‘Attackers behind Petya-virus were already three months in infected systems’
The cyberaanvallers that recently companies in Ukraine and several other countries attacked with the Petya-virus, already had three months of access to the affected systems.
That sets cybersecurityfirma ESET Tuesday after the analysis of the attack, which went through the Ukrainian accounting software MeDoc.
Already in april an official update for the MeDoc released, in which the ‘backdoor’ of the attackers was hidden. Since that time, they could include stealing passwords or control of computers over, say researchers from ESET. It is not clear whether there is actually information is captured for the Petya-attack.
Interestingly enough, arrived between april and June also eleven updates for MeDoc from the backdoor is not contain. In three updates, including the most recent on 22 June, was the backdoor is present.
The fact that the attackers are no separate auditing server to use to communicate with infected systems. Instead, information was sent along with regular checks for new updates of MeDoc.
For affected companies, the new discovery extra care mean, think director Dave Maas from ESET Netherlands.
“The danger is that the attackers in the three months virtually have complete access and passwords have been stolen,” he says. “The attack is not finished with the restore of systems and the updating of the MeDoc.”
Monday said the head of the cyberafdeling of the Ukrainian police already that the company behind MeDoc was aware of security issues. Warnings about this could, however, be ignored.
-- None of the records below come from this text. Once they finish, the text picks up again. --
(* Let $J:\mathbb{R}_{+}\to\mathbb{R}_{+}$ be continuous with $\int_{\mathbb{Q}_p^n}J(\|x\|_p)\,d^nx=1$, and assume $J(\|x\|_p)$ is of exponential type (with constants $A,B,C_1>0$, $\gamma>-n$). For $t\ge0$ and $x\ne0$ set $$\widetilde{Z}(x,t)=\|x\|_p^{-n}\Big[(1-p^{-n})\sum_{j=0}^{\infty}p^{-nj}e^{(\widehat{J}(p^{-j}\|x\|_p^{-1})-1)t}-e^{(\widehat{J}(p\|x\|_p^{-1})-1)t}\Big].$$ Then: (i) $\widetilde{Z}(x,t)\le 2t\|x\|_p^{-n}$ for all $x\in\mathbb{Q}_p^n\setminus\{0\}$ and $t>0$; (ii) if $-n<\gamma<0$, then for every $l\in\mathbb{Z}$ there is a positive constant $C_0$ (depending on $l$) such that $\widetilde{Z}(x,t)\le C_0t\|x\|_p^{\gamma}e^{-C_1\|x\|_p}$ for all $x$ with $\|x\|_p>p^l$ and all $t>0$.
   Context: $p$ is a prime, $\|x\|_p=\max_i|x_i|_p$ on $\mathbb{Q}_p^n$, $d^nx$ the Haar measure normalized so that $\mathbb{Z}_p^n$ has measure $1$, $\chi_p$ the standard additive character, and $\widehat{J}(\|\xi\|_p)=\int\chi_p(\xi\cdot x)J(\|x\|_p)\,d^nx$ (a radial real function). $J(\|x\|_p)$ is of exponential type if $A\|x\|_p^{\gamma}e^{-C_1\|x\|_p}\le J(\|x\|_p)\le B\|x\|_p^{\gamma}e^{-C_1\|x\|_p}$ for all $x$, for some positive constants $A,B,C_1$ and real $\gamma>-n$. *)

theory Defs
  imports "HOL-Analysis.Analysis"
begin
lemma pvec_qvec_trunc_mat:
  "s \<le> k \<Longrightarrow> k \<le> l \<Longrightarrow> l \<le> d \<Longrightarrow>
    pvec n (trunc_mat R s d) k l = pvec n R k l \<and> qvec n (trunc_mat R s d) k l = qvec n R k l"
proof (induction n R k l rule: pq.induct)
  case (1 n R k l)
  show ?case
  proof (cases "k < l")
    case True
    with "1.IH" "1.prems" have
      p: "pvec n (trunc_mat R s d) k (l - 1) = pvec n R k (l - 1)" and
      q: "qvec n (trunc_mat R s d) (Suc k) l = qvec n R (Suc k) l"
      by auto
    with True "1.prems" have
      a: "acoef n (trunc_mat R s d) k l = acoef n R k l" and
      a': "acoef' n (trunc_mat R s d) k l = acoef' n R k l"
      by (simp_all add: acoef_def acoef'_def vv_def vv'_def bil_trunc_mat_pvec_qvec)
    show ?thesis
      unfolding pvec_step[OF True] qvec_step[OF True] p q a a' by simp
  next
    case False
    then show ?thesis by (simp add: pvec_base qvec_base)
  qed
qed

lemma vv_vv'_trunc_mat:
  assumes "s \<le> k" "k \<le> l" "l \<le> d"
  shows "vv n (trunc_mat R s d) k l = vv n R k l" "vv' n (trunc_mat R s d) k l = vv' n R k l"
proof -
  have "pvec n (trunc_mat R s d) k l = pvec n R k l" "qvec n (trunc_mat R s d) k l = qvec n R k l"
    using pvec_qvec_trunc_mat[OF assms] by simp_all
  moreover have "bil n (trunc_mat R s d) (qvec n R k l) l = bil n R (qvec n R k l) l"
    "bil n (trunc_mat R s d) (pvec n R k l) k = bil n R (pvec n R k l) k"
    using assms by (simp_all add: bil_trunc_mat_pvec_qvec)
  ultimately show "vv n (trunc_mat R s d) k l = vv n R k l" "vv' n (trunc_mat R s d) k l = vv' n R k l"
    unfolding vv_def vv'_def by simp_all
qed

lemma acoef_acoef'_trunc_mat:
  assumes "s \<le> k" "k < l" "l \<le> d"
  shows "acoef n (trunc_mat R s d) k l = acoef n R k l"
    "acoef' n (trunc_mat R s d) k l = acoef' n R k l"
proof -
  have "pvec n (trunc_mat R s d) k (l - 1) = pvec n R k (l - 1)"
    "qvec n (trunc_mat R s d) (Suc k) l = qvec n R (Suc k) l"
    using assms pvec_qvec_trunc_mat[of s k "l - 1" d n R] pvec_qvec_trunc_mat[of s "Suc k" l d n R]
    by simp_all
  moreover have "vv n (trunc_mat R s d) (Suc k) l = vv n R (Suc k) l"
    "vv' n (trunc_mat R s d) k (l - 1) = vv' n R k (l - 1)"
    using assms vv_vv'_trunc_mat(1)[of s "Suc k" l d n R] vv_vv'_trunc_mat(2)[of s k "l - 1" d n R]
    by simp_all
  moreover have "bil n (trunc_mat R s d) (pvec n R k (l - 1)) l = bil n R (pvec n R k (l - 1)) l"
    "bil n (trunc_mat R s d) (qvec n R (Suc k) l) k = bil n R (qvec n R (Suc k) l) k"
    using assms by (simp_all add: bil_trunc_mat_pvec_qvec)
  ultimately show "acoef n (trunc_mat R s d) k l = acoef n R k l"
    "acoef' n (trunc_mat R s d) k l = acoef' n R k l"
    unfolding acoef_def acoef'_def by simp_all
qed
In an interview with Reuters say the two creators of MeDoc, a Ukrainian father and daughter, that their software was not responsible for the cyber attack. According to the two, there is no proof that a MeDoc-updates malicious software is included. Security experts from various companies there, however, evidence has been found.
The attack with the Petya-virus hit companies especially in Ukraine, but also abroad. Also active in Rotterdam port authority and APM Terminals and parcel delivery company TNT Express were affected. According to ESET, the TeleBots-group of earlier attacks carried out in Ukraine. That country, Russia has accused of the attack, but there is still no conclusive evidence presented.
TNT said Tuesday that progress is being made in resolving the cyber attack. A spokesman states that national and regional services of TNT are largely operational again, but that there are still delays.